* TASK INSTRUCTIONS *
For the word "thesis", count the lines in the records below that include it and give only that number.

[Collected data]
lemma glue_in_pembeddings:
  assumes "\<phi> \<in> pembeddings (pstruc_over P T) Q"
  shows "glue P T \<phi> \<in> pembeddings P (amalgam P Q T)"
proof -
  define V where "V = {x\<in>pverts P. proj P x \<in> T}"
  note \<phi> = pembeddingsD[OF assms, unfolded pstruc_over_simps V_def[symmetric]]
  have over: "x \<in> V \<longleftrightarrow> proj P x \<in> T" if "x \<in> pverts P" for x
    using that unfolding V_def by simp
  show ?thesis
    unfolding pembeddings_def
  proof (intro CollectI conjI ballI subsetI inj_onI)
    fix x y assume "x \<in> pverts P" "y \<in> pverts P" "glue P T \<phi> x = glue P T \<phi> y"
    then show "x = y"
      using over \<phi>(1) by (auto simp: glue_def split: if_splits dest: inj_onD)
  next
    fix u assume "u \<in> glue P T \<phi> ` pverts P"
    then show "u \<in> pverts (amalgam P Q T)"
      using over \<phi>(2) assms by (auto simp: glue_def amalgam_simps V_def)
  next
    fix x assume "x \<in> pverts P"
    then show "proj (amalgam P Q T) (glue P T \<phi> x) = proj P x"
      using over \<phi>(3) by (auto simp: glue_def amalgam_simps)
  next
    fix x y assume x: "x \<in> pverts P" and y: "y \<in> pverts P"
    have uniq: "(\<exists>y'\<in>V. restrict \<phi> V y' = \<phi> y0 \<and> Pr y') \<longleftrightarrow> Pr y0" if "y0 \<in> V" for y0 Pr
      using \<phi>(1) that by (auto dest: inj_onD)
    have image: "\<phi> y0 \<in> restrict \<phi> V ` V" if "y0 \<in> V" for y0
      using that by (intro image_eqI[of _ _ y0]) auto
    show "pedge (amalgam P Q T) (glue P T \<phi> x) (glue P T \<phi> y) = pedge P x y"
      using over[OF x] over[OF y] \<phi>(4) uniq image
      by (cases "proj P x \<in> T"; cases "proj P y \<in> T") (simp_all add: glue_def amalgam_simps V_def[symmetric])
  qed
qed

lemma partite_ramsey_amalgam:
  assumes "partite_ramsey k (pstruc_over P T) Q {(T, eT)}"
  shows "partite_ramsey k P (amalgam P Q T) {(T, eT)}"
  unfolding partite_ramsey_def
proof (intro allI impI)
  fix \<chi> assume "\<forall>(T', eT')\<in>{(T, eT)}. \<forall>\<psi>\<in>copies (amalgam P Q T) T' eT'. \<chi> (\<psi> ` T') < k"
  then have "\<chi> (Inl ` \<psi> ` T) < k" if "\<psi> \<in> copies Q T eT" for \<psi>
    using that by (force simp: copies_def amalgam_simps image_comp)
  then obtain \<phi> c where \<phi>: "\<phi> \<in> pembeddings (pstruc_over P T) Q"
    and mono: "\<forall>\<psi>\<in>copies (pstruc_over P T) T eT. \<chi> (Inl ` \<phi> ` \<psi> ` T) = c"
    using assms[unfolded partite_ramsey_def, THEN spec[of _ "\<lambda>S. \<chi> (Inl ` S)"]] by auto
  have "\<chi> (glue P T \<phi> ` \<psi> ` T) = c" if "\<psi> \<in> copies P T eT" for \<psi>
  proof -
    have "glue P T \<phi> ` \<psi> ` T = Inl ` \<phi> ` \<psi> ` T"
      using that by (force simp: copies_def glue_def)
    moreover have "\<psi> \<in> copies (pstruc_over P T) T eT" using that by (simp add: copies_def)
    ultimately show ?thesis using mono by simp
  qed
  then show "\<exists>\<Phi>\<in>pembeddings P (amalgam P Q T). \<forall>(T', eT')\<in>{(T, eT)}.
      \<exists>c. \<forall>\<psi>\<in>copies P T' eT'. \<chi> (\<Phi> ` \<psi> ` T') = c"
    using glue_in_pembeddings[OF \<phi>] by blast
qed

theorem partite_ramsey_pattern:
  assumes T: "is_pattern T eT" and P: "partite n P" and "k \<ge> 1"
  shows "\<exists>P' :: nat pstruc. partite n P' \<and> partite_ramsey k P P' {(T, eT)}"
proof -
  have "proj (pstruc_over P T) ` pverts (pstruc_over P T) \<subseteq> T" by auto
  then obtain N where N: "partite n (hj_power (pstruc_over P T) eT N)"
    "partite_ramsey k (pstruc_over P T) (hj_power (pstruc_over P T) eT N) {(T, eT)}"
    using partite_lemma[OF T partite_pstruc_over[OF P] _ \<open>k \<ge> 1\<close>] by blast
  define P' where "P' = amalgam P (hj_power (pstruc_over P T) eT N) T"
  have "partite n P'" using partite_amalgam[OF P N(1)] by (simp add: P'_def)
  moreover have "partite_ramsey k P P' {(T, eT)}"
    using partite_ramsey_amalgam[OF N(2)] by (simp add: P'_def)
  ultimately show ?thesis
    using partite_relabel partite_ramsey_relabel partiteD(1) by blast
qed

theorem partite_ramsey_patterns:
  assumes "finite \<T>" "\<forall>(T, eT)\<in>\<T>. is_pattern T eT" and P: "partite n P" and "k \<ge> 1"
  shows "\<exists>P' :: nat pstruc. partite n P' \<and> partite_ramsey k P P' \<T>"
  using assms(1,2)
proof (induction rule: finite_induct)
  case empty
  show ?case
    using partite_relabel[OF P] partite_ramsey_empty[OF to_nat_on_in_pembeddings[OF partiteD(1)[OF P]]]
    by blast
next
  case (insert p \<T>)
  obtain T eT where p: "p = (T, eT)" by (cases p)
  obtain P1 :: "nat pstruc" where P1: "partite n P1" "partite_ramsey k P P1 \<T>"
    using insert by auto
  have "is_pattern T eT" using insert.prems p by simp
  then obtain P2 :: "nat pstruc" where "partite n P2" "partite_ramsey k P1 P2 {(T, eT)}"
    using partite_ramsey_pattern[OF _ P1(1) \<open>k \<ge> 1\<close>] by blast
  then show ?case using partite_ramsey_compose[OF P1(2)] p by (metis Un_insert_right sup_bot.right_neutral)
qed

section \<open>The class \<open>Kstar n\<close>\<close>

definition part :: "struc \<Rightarrow> nat \<Rightarrow> nat" where
  "part X u = (LEAST i. u \<in> pred X i)"

definition rank :: "struc \<Rightarrow> nat \<Rightarrow> nat" where
  "rank X u = card {v\<in>univ X. less X v u}"

lemma KstarD:
  assumes "X \<in> Kstar n"
  shows "finite (univ X)" "complete_multipartite X"
    "\<forall>i<n. \<forall>j<n. i \<noteq> j \<longrightarrow> pred X i \<inter> pred X j = {}"
    "\<forall>x\<in>univ X. \<exists>i<n. part_of X x = pred X i"
    "\<forall>x\<in>univ X. \<not> less X x x"
    "\<forall>x\<in>univ X. \<forall>y\<in>univ X. \<forall>z\<in>univ X. less X x y \<longrightarrow> less X y z \<longrightarrow> less X x z"
    "\<forall>x\<in>univ X. \<forall>y\<in>univ X. x = y \<or> less X x y \<or> less X y x"
    "\<forall>i<n. \<forall>j<n. i < j \<longrightarrow> (\<forall>x\<in>pred X i. \<forall>y\<in>pred X j. less X x y)"
proof -
  note K = assms[unfolded Kstar_def mem_Collect_eq]
  from K show "finite (univ X)" by (elim conjE)
  from K show "complete_multipartite X" by (elim conjE)
  from K show "\<forall>i<n. \<forall>j<n. i \<noteq> j \<longrightarrow> pred X i \<inter> pred X j = {}" by (elim conjE)
  from K show "\<forall>x\<in>univ X. \<exists>i<n. part_of X x = pred X i" by (elim conjE)
  from K show "\<forall>x\<in>univ X. \<not> less X x x" by (elim conjE)
  from K show "\<forall>x\<in>univ X. \<forall>y\<in>univ X. \<forall>z\<in>univ X. less X x y \<longrightarrow> less X y z \<longrightarrow> less X x z"
    by (elim conjE)
  from K show "\<forall>x\<in>univ X. \<forall>y\<in>univ X. x = y \<or> less X x y \<or> less X y x" by (elim conjE)
  from K show "\<forall>i<n. \<forall>j<n. i < j \<longrightarrow> (\<forall>x\<in>pred X i. \<forall>y\<in>pred X j. less X x y)"
    by (elim conjE)
qed

lemma Kstar_part:
  assumes X: "X \<in> Kstar n" and u: "u \<in> univ X"
  shows "part X u < n" "u \<in> pred X (part X u)"
proof -
  obtain i where i: "i < n" "part_of X u = pred X i" using KstarD(4)[OF X] u by blast
  then have "u \<in> pred X i" using u by (auto simp: part_of_def)
  then show "u \<in> pred X (part X u)" unfolding part_def by (rule LeastI)
  show "part X u < n" using Least_le[of "\<lambda>i. u \<in> pred X i", OF \<open>u \<in> pred X i\<close>] i(1)
    unfolding part_def by linarith
qed

lemma Kstar_pred_iff:
  assumes X: "X \<in> Kstar n" and u: "u \<in> univ X" and "i < n"
  shows "u \<in> pred X i \<longleftrightarrow> i = part X u"
  using KstarD(3)[OF X] \<open>i < n\<close> Kstar_part[OF X u] by blast

lemma Kstar_same_part_iff:
  assumes X: "X \<in> Kstar n" and u: "u \<in> univ X" and v: "v \<in> univ X"
  shows "part X u = part X v \<longleftrightarrow> u = v \<or> (\<not> edge X u v \<and> \<not> edge X v u)"
proof -
  obtain i where i: "i < n" "part_of X u = pred X i" using KstarD(4)[OF X] u by blast
  have "i = part X u" using i u Kstar_pred_iff[OF X u i(1)] by (auto simp: part_of_def)
  then have "v \<in> part_of X u \<longleftrightarrow> part X v = part X u"
    using i Kstar_pred_iff[OF X v i(1)] by auto
  then show ?thesis using v unfolding part_of_def by auto
qed

lemma Kstar_partite_pair:
  assumes X: "X \<in> Kstar n" and u: "u \<in> univ X" and v: "v \<in> univ X"
  shows "partite_pair (part X u) (part X v) (edge X u v) (edge X v u)"
  using Kstar_same_part_iff[OF X u v] KstarD(2)[OF X] u v
  unfolding partite_pair_def complete_multipartite_def by blast

lemma Kstar_less_part:
  assumes X: "X \<in> Kstar n" and u: "u \<in> univ X" and v: "v \<in> univ X" and "less X u v"
  shows "part X u \<le> part X v"
proof (rule ccontr)
  assume "\<not> part X u \<le> part X v"
  then have "less X v u"
    using KstarD(8)[OF X] Kstar_part[OF X u] Kstar_part[OF X v] by (meson not_le)
  then show False using KstarD(5,6)[OF X] u v \<open>less X u v\<close> by blast
qed

lemma card_predecessors:
  fixes R :: "'a \<Rightarrow> 'a \<Rightarrow> bool"
  assumes fin: "finite V" and irrefl: "\<forall>x\<in>V. \<not> R x x"
    and trans: "\<forall>x\<in>V. \<forall>y\<in>V. \<forall>z\<in>V. R x y \<longrightarrow> R y z \<longrightarrow> R x z"
    and total: "\<forall>x\<in>V. \<forall>y\<in>V. x = y \<or> R x y \<or> R y x"
  shows "bij_betw (\<lambda>x. card {u\<in>V. R u x}) V {..<card V}"
    "\<And>x y. x \<in> V \<Longrightarrow> y \<in> V \<Longrightarrow> R x y \<longleftrightarrow> card {u\<in>V. R u x} < card {u\<in>V. R u y}"
proof -
  define r where "r x = card {u\<in>V. R u x}" for x
  have less: "r x < r y" if "x \<in> V" "y \<in> V" "R x y" for x y
  proof -
    have "{u\<in>V. R u x} \<subset> {u\<in>V. R u y}" using trans irrefl that by blast
    then show ?thesis unfolding r_def using fin by (simp add: psubset_card_mono)
  qed
  have iff: "R x y \<longleftrightarrow> r x < r y" if "x \<in> V" "y \<in> V" for x y
    using less[OF that] less[OF that(2,1)] total that by fastforce
  then show "R x y \<longleftrightarrow> card {u\<in>V. R u x} < card {u\<in>V. R u y}" if "x \<in> V" "y \<in> V" for x y
    using that unfolding r_def by blast
  have "inj_on r V" by (rule inj_onI) (metis iff less_irrefl total)
  moreover have "r ` V \<subseteq> {..<card V}"
  proof
    fix y assume "y \<in> r ` V"
    then obtain x where "x \<in> V" "y = r x" by blast
    moreover have "{u\<in>V. R u x} \<subset> V" using \<open>x \<in> V\<close> irrefl by blast
    ultimately show "y \<in> {..<card V}" unfolding r_def using fin by (simp add: psubset_card_mono)
  qed
  ultimately have "bij_betw r V {..<card V}"
    unfolding bij_betw_def using card_image card_subset_eq by (metis card_lessThan finite_lessThan)
  then show "bij_betw (\<lambda>x. card {u\<in>V. R u x}) V {..<card V}" unfolding r_def[abs_def] .
qed

lemma Kstar_rank:
  assumes X: "X \<in> Kstar n"
  shows "bij_betw (rank X) (univ X) {..<card (univ X)}"
    "\<And>u v. u \<in> univ X \<Longrightarrow> v \<in> univ X \<Longrightarrow> less X u v \<longleftrightarrow> rank X u < rank X v"
proof -
  note card = card_predecessors[OF KstarD(1,5-7)[OF X]]
  show "bij_betw (rank X) (univ X) {..<card (univ X)}" unfolding rank_def[abs_def] by (rule card(1))
  show "less X u v \<longleftrightarrow> rank X u < rank X v" if "u \<in> univ X" "v \<in> univ X" for u v
    unfolding rank_def by (rule card(2)[OF that])
qed

text \<open>Pairs are ordered lexicographically (theory \<open>Product_Lexorder\<close>), so the vertices are
  ordered by part, then column, then name.\<close>

definition kstar_of :: "nat pstruc \<Rightarrow> struc" where
  "kstar_of P = \<lparr>univ = pverts P, edge = pedge P, pred = (\<lambda>i. {x\<in>pverts P. fst (proj P x) = i}),
     less = (\<lambda>x y. (proj P x, x) < (proj P y, y))\<rparr>"

lemma kstar_of_simps [simp]:
  "univ (kstar_of P) = pverts P" "edge (kstar_of P) = pedge P"
  "pred (kstar_of P) i = {x\<in>pverts P. fst (proj P x) = i}"
  "less (kstar_of P) x y \<longleftrightarrow> (proj P x, x) < (proj P y, y)"
  by (simp_all add: kstar_of_def)

lemma partite_nonadjacent_iff:
  assumes "partite n P" "x \<in> pverts P" "y \<in> pverts P"
  shows "x = y \<or> (\<not> pedge P x y \<and> \<not> pedge P y x) \<longleftrightarrow> fst (proj P y) = fst (proj P x)"
  using partiteD(3)[OF assms] partiteD(3)[OF assms(1,2,2)] unfolding partite_pair_def by metis

lemma part_of_kstar_of:
  assumes "partite n P" "x \<in> pverts P"
  shows "part_of (kstar_of P) x = pred (kstar_of P) (fst (proj P x))"
  using partite_nonadjacent_iff[OF assms] unfolding part_of_def by auto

* SOLUTION *
5